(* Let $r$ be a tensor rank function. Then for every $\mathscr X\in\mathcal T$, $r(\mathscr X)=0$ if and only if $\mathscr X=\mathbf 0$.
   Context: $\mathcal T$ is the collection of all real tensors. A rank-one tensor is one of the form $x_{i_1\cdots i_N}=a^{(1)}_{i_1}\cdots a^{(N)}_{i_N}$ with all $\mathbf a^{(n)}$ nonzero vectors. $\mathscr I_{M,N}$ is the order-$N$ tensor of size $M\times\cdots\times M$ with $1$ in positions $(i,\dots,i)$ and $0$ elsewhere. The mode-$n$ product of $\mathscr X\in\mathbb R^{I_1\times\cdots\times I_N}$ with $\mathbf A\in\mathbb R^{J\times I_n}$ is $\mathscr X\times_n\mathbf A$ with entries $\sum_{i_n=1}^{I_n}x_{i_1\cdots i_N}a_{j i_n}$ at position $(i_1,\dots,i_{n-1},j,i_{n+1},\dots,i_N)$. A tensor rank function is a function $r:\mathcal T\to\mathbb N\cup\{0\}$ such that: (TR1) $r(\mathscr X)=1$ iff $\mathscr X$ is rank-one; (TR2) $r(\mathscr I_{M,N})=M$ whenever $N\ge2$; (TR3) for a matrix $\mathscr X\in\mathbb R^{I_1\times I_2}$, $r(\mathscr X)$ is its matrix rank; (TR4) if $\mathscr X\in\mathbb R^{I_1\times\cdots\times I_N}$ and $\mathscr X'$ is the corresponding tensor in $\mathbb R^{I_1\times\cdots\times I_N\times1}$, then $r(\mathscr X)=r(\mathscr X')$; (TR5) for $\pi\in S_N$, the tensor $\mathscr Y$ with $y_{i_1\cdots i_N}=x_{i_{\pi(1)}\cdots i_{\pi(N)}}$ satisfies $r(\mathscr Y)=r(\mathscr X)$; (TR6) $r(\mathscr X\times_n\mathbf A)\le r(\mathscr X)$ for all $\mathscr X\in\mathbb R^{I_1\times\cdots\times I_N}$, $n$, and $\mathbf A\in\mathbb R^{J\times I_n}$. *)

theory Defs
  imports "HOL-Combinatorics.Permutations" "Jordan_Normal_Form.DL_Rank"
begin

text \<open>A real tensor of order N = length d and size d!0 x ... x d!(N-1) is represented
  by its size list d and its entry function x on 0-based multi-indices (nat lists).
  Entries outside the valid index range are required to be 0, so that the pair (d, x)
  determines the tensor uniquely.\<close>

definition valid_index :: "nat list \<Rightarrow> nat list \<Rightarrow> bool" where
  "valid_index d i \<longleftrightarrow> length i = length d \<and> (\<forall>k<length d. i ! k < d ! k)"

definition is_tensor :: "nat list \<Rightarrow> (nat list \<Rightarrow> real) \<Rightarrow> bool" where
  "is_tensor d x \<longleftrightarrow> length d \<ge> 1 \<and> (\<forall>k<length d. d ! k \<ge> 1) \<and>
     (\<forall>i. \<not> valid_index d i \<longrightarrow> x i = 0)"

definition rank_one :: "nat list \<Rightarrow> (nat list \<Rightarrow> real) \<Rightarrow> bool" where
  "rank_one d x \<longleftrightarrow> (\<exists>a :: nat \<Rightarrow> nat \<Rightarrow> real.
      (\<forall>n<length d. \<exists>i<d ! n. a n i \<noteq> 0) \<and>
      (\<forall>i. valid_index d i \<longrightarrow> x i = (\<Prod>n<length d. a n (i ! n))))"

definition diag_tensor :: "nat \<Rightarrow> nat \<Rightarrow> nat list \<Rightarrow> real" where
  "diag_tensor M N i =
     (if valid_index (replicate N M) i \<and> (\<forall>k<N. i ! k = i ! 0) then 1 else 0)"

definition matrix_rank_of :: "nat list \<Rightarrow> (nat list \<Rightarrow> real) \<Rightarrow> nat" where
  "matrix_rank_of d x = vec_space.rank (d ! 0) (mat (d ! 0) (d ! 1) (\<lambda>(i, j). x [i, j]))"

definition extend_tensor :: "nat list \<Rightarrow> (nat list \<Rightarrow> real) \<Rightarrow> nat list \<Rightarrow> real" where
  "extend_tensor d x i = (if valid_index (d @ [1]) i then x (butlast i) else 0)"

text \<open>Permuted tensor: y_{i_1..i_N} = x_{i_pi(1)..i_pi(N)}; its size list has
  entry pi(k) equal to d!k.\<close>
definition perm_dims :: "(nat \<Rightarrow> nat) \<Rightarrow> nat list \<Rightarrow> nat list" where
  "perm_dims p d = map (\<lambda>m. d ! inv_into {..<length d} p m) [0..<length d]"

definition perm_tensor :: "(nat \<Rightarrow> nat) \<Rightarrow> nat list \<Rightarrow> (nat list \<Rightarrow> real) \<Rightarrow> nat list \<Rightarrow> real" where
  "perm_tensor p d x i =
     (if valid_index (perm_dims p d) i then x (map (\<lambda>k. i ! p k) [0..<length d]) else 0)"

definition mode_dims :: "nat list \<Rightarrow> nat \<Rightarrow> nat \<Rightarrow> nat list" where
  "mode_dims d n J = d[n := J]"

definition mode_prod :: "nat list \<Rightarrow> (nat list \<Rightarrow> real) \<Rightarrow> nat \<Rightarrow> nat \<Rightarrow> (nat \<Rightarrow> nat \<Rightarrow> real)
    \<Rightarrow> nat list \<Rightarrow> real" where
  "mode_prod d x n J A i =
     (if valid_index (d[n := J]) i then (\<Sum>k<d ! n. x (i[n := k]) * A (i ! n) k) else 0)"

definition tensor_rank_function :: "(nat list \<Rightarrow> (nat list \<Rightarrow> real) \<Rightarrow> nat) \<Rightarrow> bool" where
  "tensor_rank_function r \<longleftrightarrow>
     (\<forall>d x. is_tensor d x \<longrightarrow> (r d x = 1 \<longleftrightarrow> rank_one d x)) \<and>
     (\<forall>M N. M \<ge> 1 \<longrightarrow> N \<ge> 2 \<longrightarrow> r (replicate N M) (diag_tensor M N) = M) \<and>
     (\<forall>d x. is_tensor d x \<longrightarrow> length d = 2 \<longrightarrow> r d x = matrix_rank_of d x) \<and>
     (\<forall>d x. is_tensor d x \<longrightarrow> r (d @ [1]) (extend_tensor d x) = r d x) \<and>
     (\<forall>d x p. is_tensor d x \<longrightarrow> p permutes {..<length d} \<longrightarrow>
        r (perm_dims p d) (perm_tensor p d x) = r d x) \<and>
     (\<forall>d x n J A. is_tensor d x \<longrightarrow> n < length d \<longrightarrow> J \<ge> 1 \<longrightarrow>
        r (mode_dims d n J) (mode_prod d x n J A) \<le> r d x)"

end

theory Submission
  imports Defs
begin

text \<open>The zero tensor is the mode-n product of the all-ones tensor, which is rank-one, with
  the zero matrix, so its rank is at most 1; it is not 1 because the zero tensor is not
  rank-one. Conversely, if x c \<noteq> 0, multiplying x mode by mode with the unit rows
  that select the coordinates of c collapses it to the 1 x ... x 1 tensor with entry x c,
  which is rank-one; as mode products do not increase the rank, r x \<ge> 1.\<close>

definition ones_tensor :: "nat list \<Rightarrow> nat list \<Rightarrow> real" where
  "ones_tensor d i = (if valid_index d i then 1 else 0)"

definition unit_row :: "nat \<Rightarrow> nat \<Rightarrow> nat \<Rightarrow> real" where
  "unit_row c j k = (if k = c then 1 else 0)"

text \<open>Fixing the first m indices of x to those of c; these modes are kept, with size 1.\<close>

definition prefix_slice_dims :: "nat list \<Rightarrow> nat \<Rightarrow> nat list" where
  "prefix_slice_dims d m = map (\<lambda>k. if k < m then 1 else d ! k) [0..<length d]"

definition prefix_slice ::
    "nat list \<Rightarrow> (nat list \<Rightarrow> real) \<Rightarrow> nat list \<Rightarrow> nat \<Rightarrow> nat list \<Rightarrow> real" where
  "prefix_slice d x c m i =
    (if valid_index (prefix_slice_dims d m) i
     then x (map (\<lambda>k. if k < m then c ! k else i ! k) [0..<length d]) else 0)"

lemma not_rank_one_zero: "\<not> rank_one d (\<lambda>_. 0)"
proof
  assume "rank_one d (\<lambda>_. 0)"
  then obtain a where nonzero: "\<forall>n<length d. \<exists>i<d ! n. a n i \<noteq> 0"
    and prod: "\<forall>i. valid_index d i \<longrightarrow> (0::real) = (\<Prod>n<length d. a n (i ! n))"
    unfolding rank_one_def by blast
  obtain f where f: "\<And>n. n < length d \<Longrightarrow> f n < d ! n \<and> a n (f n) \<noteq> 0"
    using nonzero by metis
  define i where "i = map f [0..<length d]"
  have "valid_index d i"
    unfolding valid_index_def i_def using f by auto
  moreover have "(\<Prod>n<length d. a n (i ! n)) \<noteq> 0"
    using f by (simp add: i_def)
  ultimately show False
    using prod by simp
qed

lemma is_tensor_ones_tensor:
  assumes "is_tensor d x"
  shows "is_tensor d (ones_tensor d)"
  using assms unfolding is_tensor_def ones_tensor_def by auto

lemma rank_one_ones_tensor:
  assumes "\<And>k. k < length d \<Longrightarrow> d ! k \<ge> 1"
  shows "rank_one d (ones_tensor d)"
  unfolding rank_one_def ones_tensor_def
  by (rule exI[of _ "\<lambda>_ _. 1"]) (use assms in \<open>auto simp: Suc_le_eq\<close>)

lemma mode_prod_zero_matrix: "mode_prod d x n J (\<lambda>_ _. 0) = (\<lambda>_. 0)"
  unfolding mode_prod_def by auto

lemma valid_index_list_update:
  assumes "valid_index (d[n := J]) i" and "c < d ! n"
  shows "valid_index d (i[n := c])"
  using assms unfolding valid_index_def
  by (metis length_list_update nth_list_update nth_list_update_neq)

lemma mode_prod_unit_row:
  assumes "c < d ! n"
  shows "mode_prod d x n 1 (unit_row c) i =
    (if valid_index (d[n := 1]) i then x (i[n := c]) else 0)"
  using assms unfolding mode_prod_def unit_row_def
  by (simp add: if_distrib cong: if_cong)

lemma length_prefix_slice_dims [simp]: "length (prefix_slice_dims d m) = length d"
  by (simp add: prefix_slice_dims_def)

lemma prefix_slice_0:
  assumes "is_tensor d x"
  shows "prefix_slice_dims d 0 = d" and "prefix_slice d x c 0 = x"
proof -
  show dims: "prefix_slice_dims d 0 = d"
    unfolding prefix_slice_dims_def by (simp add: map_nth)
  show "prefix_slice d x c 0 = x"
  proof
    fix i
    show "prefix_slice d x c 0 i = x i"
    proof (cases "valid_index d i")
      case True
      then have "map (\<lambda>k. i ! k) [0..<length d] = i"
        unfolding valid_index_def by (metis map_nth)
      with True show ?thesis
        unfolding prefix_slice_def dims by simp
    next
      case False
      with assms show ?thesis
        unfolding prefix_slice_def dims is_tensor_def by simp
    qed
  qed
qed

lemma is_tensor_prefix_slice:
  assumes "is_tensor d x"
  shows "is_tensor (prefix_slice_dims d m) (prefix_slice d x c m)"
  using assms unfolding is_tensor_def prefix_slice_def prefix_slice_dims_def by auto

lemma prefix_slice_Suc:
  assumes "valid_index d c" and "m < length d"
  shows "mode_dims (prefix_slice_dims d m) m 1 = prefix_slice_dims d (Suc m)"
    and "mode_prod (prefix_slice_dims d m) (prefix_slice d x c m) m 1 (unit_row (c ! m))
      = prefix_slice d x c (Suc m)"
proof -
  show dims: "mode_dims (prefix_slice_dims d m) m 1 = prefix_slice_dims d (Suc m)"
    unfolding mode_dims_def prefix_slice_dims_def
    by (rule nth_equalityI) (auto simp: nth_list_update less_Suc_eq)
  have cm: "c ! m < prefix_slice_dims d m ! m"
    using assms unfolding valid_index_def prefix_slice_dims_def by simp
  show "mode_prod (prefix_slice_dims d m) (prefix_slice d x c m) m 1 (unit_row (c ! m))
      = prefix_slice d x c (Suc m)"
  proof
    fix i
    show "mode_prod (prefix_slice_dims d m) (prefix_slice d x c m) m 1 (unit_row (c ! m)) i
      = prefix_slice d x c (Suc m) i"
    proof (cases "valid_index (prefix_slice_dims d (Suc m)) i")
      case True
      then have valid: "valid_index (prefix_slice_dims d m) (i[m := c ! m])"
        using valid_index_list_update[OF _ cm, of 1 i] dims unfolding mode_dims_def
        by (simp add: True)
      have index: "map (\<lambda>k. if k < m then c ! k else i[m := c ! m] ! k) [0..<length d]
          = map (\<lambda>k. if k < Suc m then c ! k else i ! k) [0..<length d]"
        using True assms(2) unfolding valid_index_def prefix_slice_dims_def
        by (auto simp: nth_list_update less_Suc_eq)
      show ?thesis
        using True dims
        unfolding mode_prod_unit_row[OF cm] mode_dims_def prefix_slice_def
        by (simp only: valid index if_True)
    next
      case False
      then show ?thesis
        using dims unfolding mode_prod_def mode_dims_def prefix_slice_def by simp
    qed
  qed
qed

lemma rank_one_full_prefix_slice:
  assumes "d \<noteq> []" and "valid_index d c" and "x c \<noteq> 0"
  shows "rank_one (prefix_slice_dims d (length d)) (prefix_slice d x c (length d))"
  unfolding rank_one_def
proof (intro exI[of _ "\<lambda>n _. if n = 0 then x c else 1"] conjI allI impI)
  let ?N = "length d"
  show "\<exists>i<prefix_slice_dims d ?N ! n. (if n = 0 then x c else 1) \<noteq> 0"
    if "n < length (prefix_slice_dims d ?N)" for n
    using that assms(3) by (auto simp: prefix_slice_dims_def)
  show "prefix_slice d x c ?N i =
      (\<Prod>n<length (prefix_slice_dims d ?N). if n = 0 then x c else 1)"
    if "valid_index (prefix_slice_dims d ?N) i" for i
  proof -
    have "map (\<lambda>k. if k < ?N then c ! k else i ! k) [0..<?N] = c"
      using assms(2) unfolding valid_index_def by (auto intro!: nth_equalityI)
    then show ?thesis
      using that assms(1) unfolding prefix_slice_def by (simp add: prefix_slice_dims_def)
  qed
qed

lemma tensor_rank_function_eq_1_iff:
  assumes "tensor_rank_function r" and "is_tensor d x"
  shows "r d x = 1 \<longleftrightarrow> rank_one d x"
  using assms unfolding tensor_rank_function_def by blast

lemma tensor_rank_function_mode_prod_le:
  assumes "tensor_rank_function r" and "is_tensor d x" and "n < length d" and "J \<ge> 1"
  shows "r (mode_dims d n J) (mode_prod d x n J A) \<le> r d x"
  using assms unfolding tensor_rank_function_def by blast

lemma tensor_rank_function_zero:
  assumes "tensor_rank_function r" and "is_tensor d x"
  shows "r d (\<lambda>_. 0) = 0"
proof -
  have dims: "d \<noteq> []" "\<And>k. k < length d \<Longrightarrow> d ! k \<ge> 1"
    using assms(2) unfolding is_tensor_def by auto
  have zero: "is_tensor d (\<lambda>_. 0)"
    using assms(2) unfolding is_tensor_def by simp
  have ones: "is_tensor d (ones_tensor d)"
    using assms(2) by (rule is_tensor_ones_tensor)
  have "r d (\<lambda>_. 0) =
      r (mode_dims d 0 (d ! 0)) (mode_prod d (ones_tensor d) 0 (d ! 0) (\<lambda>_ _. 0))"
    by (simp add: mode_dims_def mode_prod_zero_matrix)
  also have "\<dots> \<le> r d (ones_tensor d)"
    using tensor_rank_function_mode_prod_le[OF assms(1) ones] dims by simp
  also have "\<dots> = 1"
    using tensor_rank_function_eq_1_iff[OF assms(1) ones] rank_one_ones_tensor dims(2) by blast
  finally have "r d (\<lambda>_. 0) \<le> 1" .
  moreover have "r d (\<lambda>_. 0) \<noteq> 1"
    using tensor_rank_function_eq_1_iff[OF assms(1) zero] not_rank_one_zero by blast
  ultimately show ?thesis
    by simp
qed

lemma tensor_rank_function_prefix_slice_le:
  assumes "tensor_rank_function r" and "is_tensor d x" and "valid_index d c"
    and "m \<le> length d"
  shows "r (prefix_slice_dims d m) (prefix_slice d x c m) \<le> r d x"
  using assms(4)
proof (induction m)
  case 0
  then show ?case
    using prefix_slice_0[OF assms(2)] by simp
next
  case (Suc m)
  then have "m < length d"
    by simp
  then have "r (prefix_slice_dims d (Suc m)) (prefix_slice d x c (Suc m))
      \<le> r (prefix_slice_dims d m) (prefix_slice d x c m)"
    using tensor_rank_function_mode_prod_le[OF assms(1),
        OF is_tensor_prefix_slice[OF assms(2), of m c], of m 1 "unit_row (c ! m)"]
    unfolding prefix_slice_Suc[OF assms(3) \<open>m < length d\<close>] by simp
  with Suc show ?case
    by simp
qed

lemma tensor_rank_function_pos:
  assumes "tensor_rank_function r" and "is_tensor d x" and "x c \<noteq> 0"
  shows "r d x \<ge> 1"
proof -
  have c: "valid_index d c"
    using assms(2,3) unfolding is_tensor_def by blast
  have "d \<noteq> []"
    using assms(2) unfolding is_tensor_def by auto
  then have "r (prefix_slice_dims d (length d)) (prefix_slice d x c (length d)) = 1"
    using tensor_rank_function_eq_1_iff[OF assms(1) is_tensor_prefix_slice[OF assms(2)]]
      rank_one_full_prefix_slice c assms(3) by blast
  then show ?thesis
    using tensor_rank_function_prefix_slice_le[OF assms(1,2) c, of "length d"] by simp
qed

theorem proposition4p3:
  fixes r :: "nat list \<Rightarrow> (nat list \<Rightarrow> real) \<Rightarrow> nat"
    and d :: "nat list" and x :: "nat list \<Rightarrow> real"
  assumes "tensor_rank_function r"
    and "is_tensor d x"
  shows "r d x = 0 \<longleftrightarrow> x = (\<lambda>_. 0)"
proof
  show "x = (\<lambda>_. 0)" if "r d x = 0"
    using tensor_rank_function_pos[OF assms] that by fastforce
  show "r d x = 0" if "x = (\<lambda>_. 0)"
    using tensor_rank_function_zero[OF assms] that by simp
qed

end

▬▬▬▬▬▬

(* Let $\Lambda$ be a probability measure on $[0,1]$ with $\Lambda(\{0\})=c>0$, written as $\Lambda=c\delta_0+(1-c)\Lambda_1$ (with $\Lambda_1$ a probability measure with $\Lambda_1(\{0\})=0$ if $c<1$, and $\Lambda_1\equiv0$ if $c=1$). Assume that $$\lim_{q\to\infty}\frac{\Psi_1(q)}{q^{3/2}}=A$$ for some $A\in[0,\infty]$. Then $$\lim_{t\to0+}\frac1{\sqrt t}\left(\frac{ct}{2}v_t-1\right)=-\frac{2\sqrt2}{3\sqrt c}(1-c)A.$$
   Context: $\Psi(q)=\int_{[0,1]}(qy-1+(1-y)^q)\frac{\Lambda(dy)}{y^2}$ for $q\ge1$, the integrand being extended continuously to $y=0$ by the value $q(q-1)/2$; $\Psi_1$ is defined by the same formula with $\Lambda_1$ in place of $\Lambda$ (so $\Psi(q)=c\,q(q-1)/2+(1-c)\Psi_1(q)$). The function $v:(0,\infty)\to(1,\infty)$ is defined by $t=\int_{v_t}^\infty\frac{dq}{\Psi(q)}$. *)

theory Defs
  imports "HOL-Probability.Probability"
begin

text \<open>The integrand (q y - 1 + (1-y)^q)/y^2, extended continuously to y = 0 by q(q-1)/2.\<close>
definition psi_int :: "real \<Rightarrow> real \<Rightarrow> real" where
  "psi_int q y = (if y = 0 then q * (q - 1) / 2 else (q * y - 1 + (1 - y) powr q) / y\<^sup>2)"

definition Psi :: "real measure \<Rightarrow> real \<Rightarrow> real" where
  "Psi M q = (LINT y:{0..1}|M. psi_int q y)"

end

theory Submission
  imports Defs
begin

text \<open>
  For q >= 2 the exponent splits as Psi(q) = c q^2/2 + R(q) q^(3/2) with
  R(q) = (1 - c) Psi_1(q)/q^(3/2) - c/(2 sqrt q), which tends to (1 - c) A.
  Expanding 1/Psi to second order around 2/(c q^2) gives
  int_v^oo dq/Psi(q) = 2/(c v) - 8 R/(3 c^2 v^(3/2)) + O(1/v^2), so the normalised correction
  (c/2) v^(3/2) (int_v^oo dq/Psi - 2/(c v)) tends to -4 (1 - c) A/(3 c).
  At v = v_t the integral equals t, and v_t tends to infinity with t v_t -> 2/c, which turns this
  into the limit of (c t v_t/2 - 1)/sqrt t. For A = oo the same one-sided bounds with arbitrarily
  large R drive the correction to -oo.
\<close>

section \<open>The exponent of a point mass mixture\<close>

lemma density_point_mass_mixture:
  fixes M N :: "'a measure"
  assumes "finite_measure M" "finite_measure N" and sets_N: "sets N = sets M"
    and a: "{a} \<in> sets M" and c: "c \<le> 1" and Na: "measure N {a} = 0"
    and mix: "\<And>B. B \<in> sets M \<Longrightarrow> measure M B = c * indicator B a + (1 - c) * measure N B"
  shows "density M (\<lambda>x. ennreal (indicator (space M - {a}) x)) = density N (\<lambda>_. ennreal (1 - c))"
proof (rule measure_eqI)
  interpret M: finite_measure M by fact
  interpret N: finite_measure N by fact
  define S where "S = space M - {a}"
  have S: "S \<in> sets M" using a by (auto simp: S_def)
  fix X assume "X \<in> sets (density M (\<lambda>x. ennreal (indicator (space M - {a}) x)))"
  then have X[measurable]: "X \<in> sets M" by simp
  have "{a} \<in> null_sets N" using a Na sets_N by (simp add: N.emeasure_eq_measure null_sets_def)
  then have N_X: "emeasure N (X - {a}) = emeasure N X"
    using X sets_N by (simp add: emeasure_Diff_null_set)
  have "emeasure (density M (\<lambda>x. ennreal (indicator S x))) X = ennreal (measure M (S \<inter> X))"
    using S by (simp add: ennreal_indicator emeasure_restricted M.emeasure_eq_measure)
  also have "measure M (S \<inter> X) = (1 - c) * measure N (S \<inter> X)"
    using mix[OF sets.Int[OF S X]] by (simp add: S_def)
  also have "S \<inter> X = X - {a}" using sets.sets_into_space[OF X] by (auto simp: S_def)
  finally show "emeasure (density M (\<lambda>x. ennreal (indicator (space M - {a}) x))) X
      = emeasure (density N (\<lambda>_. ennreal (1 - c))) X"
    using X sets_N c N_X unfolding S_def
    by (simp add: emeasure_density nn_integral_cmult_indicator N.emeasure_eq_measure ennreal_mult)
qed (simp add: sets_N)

▬▬▬▬▬▬

## [Exercise details]
Whenever the string "cases" shows up on a line of the listing, copy that line.

## [Exercise answer]
    proof (cases "valid_index d i")
    proof (cases "valid_index (prefix_slice_dims d (Suc m)) i")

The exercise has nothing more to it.